While these developments are depressing, you should not despair. Some of my clients, out of frustration and anger, cry when they relate the facts of their firing to me in my office. This is understandable. Since most of us equate self-worth with our work, it's not surprising that losing a job can cause anxiety, self-doubt, depression, and even mental illness. But the experience doesn't have to leave you shattered.

Once you deal with the initial pain, you can use your time wisely to examine your goals, discover what you really want from a career, and find a new job that makes you happy. Being fired can be a benefit both financially and personally in many ways, as I will explain later. For example, after negotiating a large severance package for a client, I sometimes recommend that he or she not begin a job search immediately, but rather travel for three months or take the summer off. Later, after they have spent rewarding time “smelling the roses,” many clients have thanked me for this advice.

While large numbers of corporate layoffs continue, the law fortunately has changed for the better in many respects.
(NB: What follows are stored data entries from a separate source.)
lemma minimal_graded_ideal_in_annihilator:
  assumes I: "minimal_graded_ideal scale mul A0 A1 I" and "I \<subseteq> annihilator mul"
  shows "\<exists>x. (x \<in> A0 \<or> x \<in> A1) \<and> x \<in> annihilator mul \<and> I = range (\<lambda>c. scale c x)"
proof -
  have "I \<noteq> {0}" and graded: "\<forall>z\<in>I. \<exists>p\<in>I \<inter> A0. \<exists>q\<in>I \<inter> A1. z = p + q"
    using I unfolding minimal_graded_ideal_def graded_ideal_in_def by simp_all
  moreover have "0 \<in> I" using minimal_graded_idealD(1)[OF I] by (rule subspace_0)
  ultimately obtain z where z: "z \<in> I" "z \<noteq> 0" by blast
  then obtain p q where "p \<in> I \<inter> A0" "q \<in> I \<inter> A1" "z = p + q"
    using graded by blast
  then obtain x where x: "x \<in> I" "x \<in> homogeneous" "x \<noteq> 0"
    using z by (cases "p = 0") auto
  then have ann: "x \<in> annihilator mul" using assms(2) by blast
  have "span {x} = I"
  proof (rule span_eq_minimal_graded_ideal[OF I])
    show "homogeneously_spanned {x}"
      using x unfolding homogeneously_spanned_def by (simp add: span_base)
    have "products UNIV {x} \<subseteq> {0}" "products {x} UNIV \<subseteq> {0}"
      using ann unfolding products_def annihilator_def by blast+
    then show "products UNIV {x} \<subseteq> span {x}" "products {x} UNIV \<subseteq> span {x}"
      using span_zero by blast+
  qed (use x in simp_all)
  then have "I = range (\<lambda>c. scale c x)" by (simp add: span_singleton)
  then show ?thesis using x(2) ann by blast
qed

lemma minimal_graded_ideal_subset_span_cube:
  assumes I: "minimal_graded_ideal scale mul A0 A1 I"
    and "x \<in> I" "y \<in> I" "mul x y \<noteq> 0"
  shows "I \<subseteq> span (products (products I I) I)"
proof -
  have square: "span (products I I) = I"
    using span_products_eq_minimal_graded_ideal[OF assms] .
  have "products I I \<subseteq> span (products (products I I) I)"
  proof
    fix z assume "z \<in> products I I"
    then obtain u v where z: "z = mul u v" "u \<in> I" "v \<in> I" unfolding products_def by blast
    then have "u \<in> span (products I I)" "v \<in> span I" using square span_base by auto
    then show "z \<in> span (products (products I I) I)" unfolding z(1) by (rule mul_span_span)
  qed
  then have "span (products I I) \<subseteq> span (products (products I I) I)"
    by (simp add: span_minimal)
  then show ?thesis using square by simp
qed

definition ideal_closure :: "'v set \<Rightarrow> 'v set" where
  "ideal_closure J = J \<union> products UNIV J \<union> products J UNIV \<union> products UNIV (products J UNIV)"

lemma products_UNIV_ideal_closure_subset: "products UNIV (ideal_closure J) \<subseteq> ideal_closure J"
  unfolding ideal_closure_def products_Un_right products_assoc[symmetric]
  using products_mono[of "products UNIV UNIV" UNIV J J]
    products_mono[of "products (products UNIV UNIV) J" "products UNIV J" UNIV UNIV]
  by blast

lemma products_ideal_closure_UNIV_subset: "products (ideal_closure J) UNIV \<subseteq> ideal_closure J"
  unfolding ideal_closure_def products_Un_left products_assoc
  using products_mono[of J J "products UNIV UNIV" UNIV]
    products_mono[of UNIV UNIV "products J (products UNIV UNIV)" "products J UNIV"]
  by blast

lemma ideal_closure_subset:
  assumes "J \<subseteq> I" "products UNIV I \<subseteq> I" "products I UNIV \<subseteq> I"
  shows "ideal_closure J \<subseteq> I"
proof -
  have "products UNIV J \<subseteq> I" "products J UNIV \<subseteq> I"
    using assms products_mono by blast+
  moreover have "products UNIV (products J UNIV) \<subseteq> I"
    using calculation(2) assms(2) products_mono[of UNIV UNIV "products J UNIV" I] by blast
  ultimately show ?thesis using assms(1) unfolding ideal_closure_def by blast
qed

lemma homogeneously_spanned_ideal_closure:
  "homogeneously_spanned J \<Longrightarrow> homogeneously_spanned (ideal_closure J)"
  unfolding ideal_closure_def
  by (intro homogeneously_spanned_Un homogeneously_spanned_products homogeneously_spanned_UNIV)

lemma products_products_ideal_closure_subset:
  assumes "products UNIV I \<subseteq> I" "products I UNIV \<subseteq> I"
    and "products I J \<subseteq> J" "products J I \<subseteq> J"
  shows "products (products I (ideal_closure J)) I \<subseteq> J"
proof
  have in_I: "mul u a \<in> I" "mul a u \<in> I" if "u \<in> I" for u a
    using that assms(1,2) unfolding products_def by blast+
  have in_J: "mul u (mul j v) \<in> J" if "u \<in> I" "j \<in> J" "v \<in> I" for u j v
    using that assms(3,4) unfolding products_def by blast
  fix z assume "z \<in> products (products I (ideal_closure J)) I"
  then obtain u g v where z: "z = mul (mul u g) v" "u \<in> I" "v \<in> I"
    and g: "g \<in> ideal_closure J" unfolding products_def by blast
  from g obtain j a b where "j \<in> J"
    and "g = j \<or> g = mul a j \<or> g = mul j b \<or> g = mul a (mul j b)"
    unfolding ideal_closure_def products_def by blast
  then show "z \<in> J"
    using in_J[of u j v] in_J[of "mul u a" j v] in_J[of u j "mul b v"] in_J[of "mul u a" j "mul b v"]
      z in_I by (auto simp: mul_assoc)
qed

lemma simple_sub_if_minimal_graded_ideal:
  assumes I: "minimal_graded_ideal scale mul A0 A1 I"
    and "x \<in> I" "y \<in> I" "mul x y \<noteq> 0"
  shows "simple_sub scale mul A0 A1 I"
  unfolding simple_sub_def
proof (intro conjI allI impI)
  show "\<exists>x\<in>I. \<exists>y\<in>I. mul x y \<noteq> 0" using assms(2-4) by blast
  note ideal = minimal_graded_idealD[OF I]
  fix J assume "graded_ideal_in scale mul A0 A1 I J"
  note J = graded_ideal_inD[OF this]
  show "J = {0} \<or> J = I"
  proof (cases "J = {0}")
    case False
    then obtain j where j: "j \<in> J" "j \<noteq> 0" using J(2) subspace_0 by blast
    have closure: "span (ideal_closure J) = I"
    proof (rule span_eq_minimal_graded_ideal[OF I])
      show "ideal_closure J \<subseteq> I" using J(1) ideal(3,4) by (rule ideal_closure_subset)
      show "homogeneously_spanned (ideal_closure J)"
        using J(3) by (rule homogeneously_spanned_ideal_closure)
      show "products UNIV (ideal_closure J) \<subseteq> span (ideal_closure J)"
        using products_UNIV_ideal_closure_subset span_superset by blast
      show "products (ideal_closure J) UNIV \<subseteq> span (ideal_closure J)"
        using products_ideal_closure_UNIV_subset span_superset by blast
      show "j \<in> ideal_closure J" using j unfolding ideal_closure_def by blast
    qed fact
    have "products (products I I) I \<subseteq> J"
    proof
      fix z assume "z \<in> products (products I I) I"
      then obtain u w v where z: "z = mul (mul u w) v" "u \<in> I" "w \<in> I" "v \<in> I"
        unfolding products_def by blast
      have "mul u w \<in> span (products I (ideal_closure J))"
        using z closure by (intro mul_span_span) (auto intro: span_base)
      moreover have "v \<in> span I" using z(4) by (rule span_base)
      ultimately have "z \<in> span (products (products I (ideal_closure J)) I)"
        unfolding z(1) by (rule mul_span_span)
      also have "\<dots> \<subseteq> J"
        using products_products_ideal_closure_subset[OF ideal(3,4) J(4,5)] J(2)
        by (rule span_minimal)
      finally show "z \<in> J" .
    qed
    then have "I \<subseteq> J"
      using minimal_graded_ideal_subset_span_cube[OF assms] J(2) span_minimal by blast
    then show ?thesis using J(1) by blast
  qed simp
qed

end

lemma mul_right_zero_iff_mul_left_zero:
  fixes B :: "'v::ab_group_add \<Rightarrow> 'v \<Rightarrow> 'k::field"
  assumes "homogeneous_symmetric_structure scale mul A0 A1 B"
  shows "(\<forall>b. mul x b = 0) \<longleftrightarrow> (\<forall>a. mul a x = 0)"
proof -
  have add_left: "\<forall>x y z. B (x + y) z = B x z + B y z"
    and add_right: "\<forall>x y z. B x (y + z) = B x y + B x z"
    and assoc: "\<forall>x y z. B (mul x y) z = B x (mul y z)"
    and nondegenerate_left: "\<forall>x. (\<forall>y. B x y = 0) \<longrightarrow> x = 0"
    and nondegenerate_right: "\<forall>y. (\<forall>x. B x y = 0) \<longrightarrow> y = 0"
    using assms unfolding homogeneous_symmetric_structure_def by simp_all
  have zero_left: "B 0 y = 0" and zero_right: "B y 0 = 0" for y
    using add_left add_right by (metis add_cancel_right_right)+
  show ?thesis
  proof
    assume "\<forall>b. mul x b = 0"
    then show "\<forall>a. mul a x = 0"
      using nondegenerate_left assoc zero_right by metis
  next
    assume "\<forall>a. mul a x = 0"
    then show "\<forall>b. mul x b = 0"
      using nondegenerate_right assoc zero_left by metis
  qed
qed

theorem mainTheorem8:
  fixes scale :: "'k::field_char_0 \<Rightarrow> 'v::ab_group_add \<Rightarrow> 'v"
    and mul :: "'v \<Rightarrow> 'v \<Rightarrow> 'v"
    and A0 A1 I :: "'v set"
    and B :: "'v \<Rightarrow> 'v \<Rightarrow> 'k"
  assumes "algebraically_closed TYPE('k)"
    and "fd_assoc_superalgebra scale mul A0 A1"
    and "homogeneous_symmetric_structure scale mul A0 A1 B"
    and "minimal_graded_ideal scale mul A0 A1 I"
  shows "simple_sub scale mul A0 A1 I
     \<or> ((\<forall>x\<in>I. \<forall>y\<in>I. mul x y = 0) \<and>
        module.span scale {mul a x | a x. x \<in> I} = I \<and>
        I = module.span scale {mul x a | a x. x \<in> I})
     \<or> (\<exists>x. (x \<in> A0 \<or> x \<in> A1) \<and> x \<in> annihilator mul \<and> I = range (\<lambda>c. scale c x))"
proof -
  interpret assoc_superalgebra scale mul A0 A1
    using assms(2) by (rule fd_assoc_superalgebra_imp_assoc_superalgebra)
  note sides = mul_right_zero_iff_mul_left_zero[OF assms(3)]
  consider (non_null) x y where "x \<in> I" "y \<in> I" "mul x y \<noteq> 0"
    | (null) a x where "\<forall>x\<in>I. \<forall>y\<in>I. mul x y = 0" "x \<in> I" "mul a x \<noteq> 0"
    | (annihilated) "I \<subseteq> annihilator mul"
    using sides unfolding annihilator_def by blast
  then show ?thesis
  proof cases
    case non_null
    then show ?thesis using simple_sub_if_minimal_graded_ideal[OF assms(4)] by blast
  next
    case null
    then obtain b where "mul x b \<noteq> 0" using sides by blast
    then have "span (products UNIV I) = I" "span (products I UNIV) = I"
      using span_products_UNIV_left_eq_minimal_graded_ideal[OF assms(4) null(2,3)]
        span_products_UNIV_right_eq_minimal_graded_ideal[OF assms(4) null(2)] by simp_all
    moreover have "products UNIV I = {mul a x | a x. x \<in> I}"
      and "products I UNIV = {mul x a | a x. x \<in> I}"
      unfolding products_def by blast+
    ultimately show ?thesis using null(1) by simp
  next
    case annihilated
    then show ?thesis using minimal_graded_ideal_in_annihilator[OF assms(4)] by blast
  qed
qed

end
Up until twenty years ago, employees had few options when they received a pink slip. This was because of a legal principle called the employment-at-will doctrine, which was generally applied throughout the United States. Under this rule of law, employers hired workers at will and were free to fire them at any time with or without cause and with or without notice. From the nineteenth to the late twentieth centuries, employers could discharge individuals with impunity for a good reason, a bad reason, or no reason at all with little fear of legal reprisal.

During the 1960s, however, some state legislatures began scrutinizing the fairness of this doctrine. Courts began handing down rulings to safeguard the rights of nonunionized employees. Congress passed specific laws pertaining to occupational health and safety, civil rights, and the freedom to complain about unsafe working conditions.

The net effect has been a gradual erosion of the employment-at-will doctrine in many areas. Now, in most states, there are probably many exceptions that make it illegal for you to be fired. For example, it was recently reported that a state circuit jury in Miami returned an $850,000 judgment against Sears, Roebuck & Co. after a former store manager alleged that officials fired him for filing a workers' compensation claim. The Florida workers' compensation statute, like statutes in many other states, prohibits this kind of retaliation.

As a result of the passage of the federal Worker Adjustment and Retraining Notification Act (WARN), you must be given at least sixty days' notice before being let go or comparable financial benefits (i.e., at least sixty days' notice pay) if you are part of a large layoff that affects fifty or more workers at a plant site or company office.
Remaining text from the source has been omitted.